◆ **THE TASK**: How do the records below read from their first line through the line containing "(\<forall>n. summable (\<lambda>j."? Write those lines out exactly.

Saved data entries:
####
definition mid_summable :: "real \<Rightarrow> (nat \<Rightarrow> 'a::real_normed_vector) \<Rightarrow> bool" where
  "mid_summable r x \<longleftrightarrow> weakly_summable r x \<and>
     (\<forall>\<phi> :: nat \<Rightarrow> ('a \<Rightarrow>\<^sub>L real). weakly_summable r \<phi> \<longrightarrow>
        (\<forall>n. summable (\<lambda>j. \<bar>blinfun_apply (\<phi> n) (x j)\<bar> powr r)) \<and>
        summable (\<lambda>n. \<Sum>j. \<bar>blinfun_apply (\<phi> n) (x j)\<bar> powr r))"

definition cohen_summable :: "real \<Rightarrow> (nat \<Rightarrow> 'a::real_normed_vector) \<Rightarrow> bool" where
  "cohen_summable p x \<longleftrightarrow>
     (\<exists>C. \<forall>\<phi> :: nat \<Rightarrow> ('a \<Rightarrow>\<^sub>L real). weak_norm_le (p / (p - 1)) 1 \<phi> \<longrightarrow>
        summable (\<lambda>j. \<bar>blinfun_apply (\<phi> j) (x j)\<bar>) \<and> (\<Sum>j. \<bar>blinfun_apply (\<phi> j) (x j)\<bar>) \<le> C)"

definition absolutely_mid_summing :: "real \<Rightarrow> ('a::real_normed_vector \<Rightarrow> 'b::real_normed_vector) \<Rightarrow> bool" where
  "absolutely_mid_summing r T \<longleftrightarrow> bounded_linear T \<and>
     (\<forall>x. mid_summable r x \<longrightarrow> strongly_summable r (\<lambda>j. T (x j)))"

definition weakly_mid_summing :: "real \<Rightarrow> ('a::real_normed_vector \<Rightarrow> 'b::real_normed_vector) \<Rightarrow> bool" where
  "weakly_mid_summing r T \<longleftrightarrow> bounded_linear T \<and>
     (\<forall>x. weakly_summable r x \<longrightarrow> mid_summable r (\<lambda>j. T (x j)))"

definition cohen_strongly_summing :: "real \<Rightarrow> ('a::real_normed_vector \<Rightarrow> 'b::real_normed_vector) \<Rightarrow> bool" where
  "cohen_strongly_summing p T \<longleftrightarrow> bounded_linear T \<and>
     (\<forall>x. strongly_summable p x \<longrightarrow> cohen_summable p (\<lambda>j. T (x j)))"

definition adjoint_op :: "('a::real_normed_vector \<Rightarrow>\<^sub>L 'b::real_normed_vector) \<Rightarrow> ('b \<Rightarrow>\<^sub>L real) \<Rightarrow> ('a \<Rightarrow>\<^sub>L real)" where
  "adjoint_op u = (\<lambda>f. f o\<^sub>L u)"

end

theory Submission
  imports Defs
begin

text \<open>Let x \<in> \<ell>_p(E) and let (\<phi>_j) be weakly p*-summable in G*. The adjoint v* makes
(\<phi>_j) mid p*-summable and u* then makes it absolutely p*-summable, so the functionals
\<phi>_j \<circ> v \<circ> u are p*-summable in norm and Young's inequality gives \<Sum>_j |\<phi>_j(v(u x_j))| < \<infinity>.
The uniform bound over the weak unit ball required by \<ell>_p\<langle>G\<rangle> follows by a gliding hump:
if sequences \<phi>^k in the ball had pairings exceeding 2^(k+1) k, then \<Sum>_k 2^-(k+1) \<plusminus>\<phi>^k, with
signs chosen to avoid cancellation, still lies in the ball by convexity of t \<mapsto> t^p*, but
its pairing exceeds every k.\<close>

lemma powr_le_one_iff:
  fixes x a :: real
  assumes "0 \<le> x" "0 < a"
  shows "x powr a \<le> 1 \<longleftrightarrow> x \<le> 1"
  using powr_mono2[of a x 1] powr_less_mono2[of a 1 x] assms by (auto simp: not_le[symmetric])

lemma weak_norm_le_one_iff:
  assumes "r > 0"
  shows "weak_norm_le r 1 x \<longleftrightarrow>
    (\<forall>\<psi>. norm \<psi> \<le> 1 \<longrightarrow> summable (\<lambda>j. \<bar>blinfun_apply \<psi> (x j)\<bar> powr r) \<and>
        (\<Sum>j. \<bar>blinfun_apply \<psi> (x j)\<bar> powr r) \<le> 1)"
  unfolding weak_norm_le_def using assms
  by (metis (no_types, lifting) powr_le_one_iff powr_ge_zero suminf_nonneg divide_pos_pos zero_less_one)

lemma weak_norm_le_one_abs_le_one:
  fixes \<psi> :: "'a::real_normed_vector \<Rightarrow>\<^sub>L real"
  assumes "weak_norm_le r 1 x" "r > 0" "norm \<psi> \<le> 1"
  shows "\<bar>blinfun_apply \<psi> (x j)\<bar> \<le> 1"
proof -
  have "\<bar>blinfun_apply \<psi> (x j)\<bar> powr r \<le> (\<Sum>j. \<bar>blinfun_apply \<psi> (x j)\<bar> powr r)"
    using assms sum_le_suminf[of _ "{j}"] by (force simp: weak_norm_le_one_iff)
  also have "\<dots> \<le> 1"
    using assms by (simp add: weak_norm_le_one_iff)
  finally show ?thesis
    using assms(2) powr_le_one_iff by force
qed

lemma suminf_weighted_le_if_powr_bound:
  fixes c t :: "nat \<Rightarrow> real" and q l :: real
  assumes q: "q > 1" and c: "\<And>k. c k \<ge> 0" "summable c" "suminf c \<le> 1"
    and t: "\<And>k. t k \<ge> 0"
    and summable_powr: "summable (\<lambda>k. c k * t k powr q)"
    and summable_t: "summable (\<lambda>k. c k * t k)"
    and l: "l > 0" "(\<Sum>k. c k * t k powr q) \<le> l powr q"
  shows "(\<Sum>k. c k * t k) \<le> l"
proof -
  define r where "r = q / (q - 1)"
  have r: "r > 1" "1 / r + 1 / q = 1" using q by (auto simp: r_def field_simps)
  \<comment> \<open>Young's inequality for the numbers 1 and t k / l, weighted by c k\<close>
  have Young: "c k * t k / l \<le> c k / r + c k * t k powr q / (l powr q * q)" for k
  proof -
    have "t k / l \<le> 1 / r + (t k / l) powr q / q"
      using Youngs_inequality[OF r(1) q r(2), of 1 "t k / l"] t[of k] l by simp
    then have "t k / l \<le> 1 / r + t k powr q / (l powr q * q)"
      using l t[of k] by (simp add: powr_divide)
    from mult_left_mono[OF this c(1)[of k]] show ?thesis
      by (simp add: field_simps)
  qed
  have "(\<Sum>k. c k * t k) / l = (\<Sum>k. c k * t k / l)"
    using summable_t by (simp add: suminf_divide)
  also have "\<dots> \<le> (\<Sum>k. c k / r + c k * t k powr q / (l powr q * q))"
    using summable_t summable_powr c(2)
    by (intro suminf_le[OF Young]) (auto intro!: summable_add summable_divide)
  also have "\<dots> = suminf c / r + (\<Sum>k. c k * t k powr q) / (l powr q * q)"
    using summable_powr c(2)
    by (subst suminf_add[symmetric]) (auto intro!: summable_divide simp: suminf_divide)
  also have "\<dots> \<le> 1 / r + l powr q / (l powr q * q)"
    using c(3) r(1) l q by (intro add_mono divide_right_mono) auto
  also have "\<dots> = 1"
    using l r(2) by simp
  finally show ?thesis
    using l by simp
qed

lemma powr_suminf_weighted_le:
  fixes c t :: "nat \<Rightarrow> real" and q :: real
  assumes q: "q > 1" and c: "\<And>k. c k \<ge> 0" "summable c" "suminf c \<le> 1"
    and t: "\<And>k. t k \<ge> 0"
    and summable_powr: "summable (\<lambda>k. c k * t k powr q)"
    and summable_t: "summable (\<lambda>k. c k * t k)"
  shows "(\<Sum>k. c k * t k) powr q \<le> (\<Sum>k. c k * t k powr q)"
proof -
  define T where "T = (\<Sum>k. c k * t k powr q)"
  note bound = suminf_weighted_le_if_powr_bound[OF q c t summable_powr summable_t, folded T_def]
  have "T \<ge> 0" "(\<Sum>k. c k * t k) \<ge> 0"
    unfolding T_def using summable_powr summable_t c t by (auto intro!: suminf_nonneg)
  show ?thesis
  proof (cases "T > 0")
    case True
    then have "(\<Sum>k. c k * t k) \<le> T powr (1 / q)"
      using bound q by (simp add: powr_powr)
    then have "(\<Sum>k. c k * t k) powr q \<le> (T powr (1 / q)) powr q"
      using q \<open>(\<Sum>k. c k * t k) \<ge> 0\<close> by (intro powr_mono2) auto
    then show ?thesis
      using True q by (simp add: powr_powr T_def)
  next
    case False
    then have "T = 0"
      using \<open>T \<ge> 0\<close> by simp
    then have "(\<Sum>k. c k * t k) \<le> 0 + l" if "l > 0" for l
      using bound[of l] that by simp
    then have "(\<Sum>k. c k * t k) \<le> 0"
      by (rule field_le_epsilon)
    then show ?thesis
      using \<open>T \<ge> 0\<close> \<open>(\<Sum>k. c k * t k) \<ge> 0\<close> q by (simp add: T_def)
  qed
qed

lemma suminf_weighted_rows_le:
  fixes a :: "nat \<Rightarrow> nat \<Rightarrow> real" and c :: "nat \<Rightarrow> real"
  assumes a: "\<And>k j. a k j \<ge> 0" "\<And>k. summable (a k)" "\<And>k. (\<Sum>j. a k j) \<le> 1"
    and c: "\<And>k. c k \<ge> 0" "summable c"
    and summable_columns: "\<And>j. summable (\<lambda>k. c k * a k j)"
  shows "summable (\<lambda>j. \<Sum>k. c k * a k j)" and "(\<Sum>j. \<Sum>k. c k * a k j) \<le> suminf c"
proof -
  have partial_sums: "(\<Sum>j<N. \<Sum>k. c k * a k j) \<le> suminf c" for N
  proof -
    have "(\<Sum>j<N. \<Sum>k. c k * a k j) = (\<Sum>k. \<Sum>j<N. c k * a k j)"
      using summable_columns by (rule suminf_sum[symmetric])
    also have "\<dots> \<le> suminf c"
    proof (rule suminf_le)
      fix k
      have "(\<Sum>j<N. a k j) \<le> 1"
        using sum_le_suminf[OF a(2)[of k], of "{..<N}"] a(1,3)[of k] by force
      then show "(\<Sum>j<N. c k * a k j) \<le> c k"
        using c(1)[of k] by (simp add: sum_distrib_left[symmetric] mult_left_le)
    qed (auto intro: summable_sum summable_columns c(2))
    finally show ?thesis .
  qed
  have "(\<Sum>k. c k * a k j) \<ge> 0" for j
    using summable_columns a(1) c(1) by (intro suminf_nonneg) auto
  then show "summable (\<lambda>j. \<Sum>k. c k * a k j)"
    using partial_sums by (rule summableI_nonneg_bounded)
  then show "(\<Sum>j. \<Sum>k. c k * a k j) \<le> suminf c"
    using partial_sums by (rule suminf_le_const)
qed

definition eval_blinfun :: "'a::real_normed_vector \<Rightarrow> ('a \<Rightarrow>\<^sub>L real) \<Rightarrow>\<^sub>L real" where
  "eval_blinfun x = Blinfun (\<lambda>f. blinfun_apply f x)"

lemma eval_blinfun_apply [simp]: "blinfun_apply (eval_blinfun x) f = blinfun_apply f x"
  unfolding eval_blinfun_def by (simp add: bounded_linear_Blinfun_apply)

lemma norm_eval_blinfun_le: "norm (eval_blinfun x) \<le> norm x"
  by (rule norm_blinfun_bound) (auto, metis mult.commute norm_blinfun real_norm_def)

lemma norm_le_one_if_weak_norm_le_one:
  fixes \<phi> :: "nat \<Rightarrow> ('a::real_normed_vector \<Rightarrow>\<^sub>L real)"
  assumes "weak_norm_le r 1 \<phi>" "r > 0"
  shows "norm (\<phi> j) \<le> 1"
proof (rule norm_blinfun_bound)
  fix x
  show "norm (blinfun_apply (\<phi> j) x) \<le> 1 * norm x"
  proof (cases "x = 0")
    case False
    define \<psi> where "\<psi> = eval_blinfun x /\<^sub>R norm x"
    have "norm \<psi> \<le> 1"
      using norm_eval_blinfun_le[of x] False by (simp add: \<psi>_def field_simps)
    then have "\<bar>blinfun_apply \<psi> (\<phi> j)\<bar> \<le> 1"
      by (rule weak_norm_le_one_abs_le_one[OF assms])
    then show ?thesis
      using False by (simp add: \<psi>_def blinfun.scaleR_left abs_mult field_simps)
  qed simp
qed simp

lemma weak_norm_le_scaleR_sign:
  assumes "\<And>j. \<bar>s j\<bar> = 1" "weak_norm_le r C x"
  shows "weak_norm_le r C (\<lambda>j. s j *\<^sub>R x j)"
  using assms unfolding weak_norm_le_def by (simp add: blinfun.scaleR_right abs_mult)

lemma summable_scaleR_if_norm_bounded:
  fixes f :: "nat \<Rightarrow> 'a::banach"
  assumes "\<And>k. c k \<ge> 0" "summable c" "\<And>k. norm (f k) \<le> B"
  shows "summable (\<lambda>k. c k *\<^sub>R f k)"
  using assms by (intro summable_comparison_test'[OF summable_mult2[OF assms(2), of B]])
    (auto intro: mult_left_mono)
####
◆ **FINAL ANSWER**:
definition mid_summable :: "real \<Rightarrow> (nat \<Rightarrow> 'a::real_normed_vector) \<Rightarrow> bool" where
  "mid_summable r x \<longleftrightarrow> weakly_summable r x \<and>
     (\<forall>\<phi> :: nat \<Rightarrow> ('a \<Rightarrow>\<^sub>L real). weakly_summable r \<phi> \<longrightarrow>
        (\<forall>n. summable (\<lambda>j. \<bar>blinfun_apply (\<phi> n) (x j)\<bar> powr r)) \<and>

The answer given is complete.